Дымов снял трубку прямой связи с секретарем:
– Людмила, отправь Ванечку к Александре Алексеевне. У нее для меня есть письмо. И созывай народ на совещание.
«Пошел процесс, пошел, – он чуть не хлопнул в ладоши от удовольствия. – Все-таки командовать парадом буду я! Тьфу-тьфу-тьфу, чтобы не сглазить».
За два часа, пока шло совещание, он ни разу не вспомнил о своей хвори.
«Почему?» – подумал Андрей Семенович, осознавший этот факт только после того, как сотрудники встали и начали покидать кабинет.
Он посидел несколько секунд, закрыв глаза, и вся его жизнь, начиная с детства, пронеслась перед ним. Чуть покачиваясь в кресле, как в поезде, он пролетал сквозь полустанки прожитых лет.
Если Лев Толстой помнил себя с крестин, то Андрей Семенович, оглядываясь назад, все первые годы своей жизни до школы видел будто в тумане. Хотя нет, не все. Он отчетливо помнил: когда ему исполнилось три года, отец привез подарок – трехколесный велосипед. Сопровождаемый родителями, он сразу поехал кататься. Папа с мамой говорили о чем-то важном и вспомнили о сыне, лишь отойдя от дома километра на три. Оба всполошились, и отец захотел взять его на руки, но маленький Андрюша категорически отказался и продолжал крутить педали уже ничего не чувствующими, одеревеневшими ногами. Когда они наконец добрались до дома, Андрюша почувствовал привкус крови во рту: он так сжал зубы, что прикусил губу. С тех пор в его лексикон вошло выражение «на зубах». Оно буквально было родом из детства и означало нечто весьма трудное.

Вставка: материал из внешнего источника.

(* Let $H$ be obtained from $E_{20}$ by adding a new vertex $v$ and joining it to three distinct vertices of $E_{20}$; let $S$ be the set of these three neighbours. If either every two vertices of $S$ are adjacent in $E_{20}$, or no two vertices of $S$ are adjacent in $E_{20}$, then $H$ contains $K_{3,4}$ or $F_4$ as a minor.
   Context: $E_{20}$ is the graph with vertex set $\{e^0,e^1_1,e^1_2,e^1_3,e^2,e^3_1,e^3_2,e^3_3,e^4\}$ and the 16 edges $e^0e^2$; $e^0e^1_i$ ($i=1,2,3$); $e^1_1e^1_2$, $e^1_2e^1_3$, $e^1_3e^1_1$; and, for $i=1,2,3$, $e^1_ie^3_i$, $e^2e^3_i$, $e^4e^3_i$. $F_4$ is the graph with vertex set $\{f^1,f^2\}\cup\{f^i_j: i\in\{1,2\}, j\in\{1,2,3,4\}\}$ and the 16 edges: for each $i\in\{1,2\}$, $f^if^i_1$, $f^if^i_2$, $f^if^i_4$, $f^i_3f^i_1$, $f^i_3f^i_2$, $f^i_3f^i_4$; and $f^1_jf^2_{5-j}$ for $j=1,2,3,4$. *)

theory Defs
  imports Main
begin

text \<open>Finite simple graphs are given by a vertex set V and a set E of edges,
each edge being a two-element set of vertices.\<close>

definition induced_connected :: "'a set set \<Rightarrow> 'a set \<Rightarrow> bool" where
  "induced_connected E X \<longleftrightarrow> X \<noteq> {} \<and>
     (\<forall>x\<in>X. \<forall>y\<in>X. (x, y) \<in> {(a, b). a \<in> X \<and> b \<in> X \<and> {a, b} \<in> E}\<^sup>*)"
lemma det_one_plus_mult_commute:
  fixes X :: "'a :: idom mat"
  assumes X: "X \<in> carrier_mat m n" and Y: "Y \<in> carrier_mat n m"
  shows "det (1\<^sub>m m + X * Y) = det (1\<^sub>m n + Y * X)"
proof -
  have XY: "X * Y \<in> carrier_mat m m" and YX: "Y * X \<in> carrier_mat n n" using X Y by auto
  define L where "L = four_block_mat (1\<^sub>m m) (0\<^sub>m m n) Y (1\<^sub>m n)"
  define U where "U = four_block_mat (1\<^sub>m m) (- X) (0\<^sub>m n m) (1\<^sub>m n + Y * X)"
  define U' where "U' = four_block_mat (1\<^sub>m m + X * Y) (- X) (0\<^sub>m n m) (1\<^sub>m n)"
  have L: "L \<in> carrier_mat (m + n) (m + n)" unfolding L_def using Y by auto
  have U: "U \<in> carrier_mat (m + n) (m + n)" unfolding U_def using X YX by auto
  have U': "U' \<in> carrier_mat (m + n) (m + n)" unfolding U'_def using X XY by auto
  \<comment> \<open>both products equal \<open>[[1, -X], [Y, 1]]\<close>\<close>
  have "L * U = four_block_mat (1\<^sub>m m) (- X) Y (1\<^sub>m n)"
    unfolding L_def U_def using X Y YX
    by (subst mult_four_block_mat[where ?nr1.0 = m and ?n1.0 = m and ?n2.0 = n and ?nr2.0 = n and ?nc1.0 = m and ?nc2.0 = n]) (auto intro!: cong_four_block_mat eq_matI)
  also have "\<dots> = U' * L"
    unfolding L_def U'_def using X Y XY
    by (subst mult_four_block_mat[where ?nr1.0 = m and ?n1.0 = m and ?n2.0 = n and ?nr2.0 = n and ?nc1.0 = m and ?nc2.0 = n]) (auto intro!: cong_four_block_mat eq_matI)
  finally have "det L * det U = det U' * det L"
    by (metis det_mult[OF L U] det_mult[OF U' L])
  moreover have "det L = 1" unfolding L_def
    by (subst det_four_block_mat_upper_right_zero[of _ m _ n]) (use Y in auto)
  moreover have "det U = det (1\<^sub>m n + Y * X)" unfolding U_def
    by (subst det_four_block_mat_lower_left_zero[of _ m _ n]) (use X YX in auto)
  moreover have "det U' = det (1\<^sub>m m + X * Y)" unfolding U'_def
    by (subst det_four_block_mat_lower_left_zero[of _ m _ n]) (use X XY in auto)
  ultimately show ?thesis by simp
qed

И еще один эпизод из дошкольной поры стоял у него перед глазами. 5 марта 1953 года. Андрюша с матерью идут по Кировскому проспекту. Только что объявили о смерти Сталина. Из всех громкоговорителей доносится траурная музыка, кругом флаги с черной окантовкой, многие плачут. Услышав разговор двух женщин о том, что Сталина убили, он выхватывает игрушечный пистолет и начинает стрелять, желая поразить насмерть врагов, поднявших руку на вождя. Испуганная мать пытается утащить его поскорее с людских глаз, а он вырывается и рвется отомстить неизвестно кому.
Ну а потом – это уже хорошо запомнилось – школа, в которую он пошел с твердым пониманием, что у него старые и не совсем здоровые родители и больная сестра, и, чтобы выбиться в люди, ему нужно быть первым, всегда и везде. Дальше понеслось. Школа с медалью. Университет с отличием. И работа, работа, работа, а с 1992 года – не столько во имя познания и совершенствования, сколько как средство борьбы за существование, ради куска хлеба. И для себя, и для семьи, и для команды – людей, которые ему поверили. Все бегом и бегом, постоянное сопротивление окружающей среде кулаками и зубами.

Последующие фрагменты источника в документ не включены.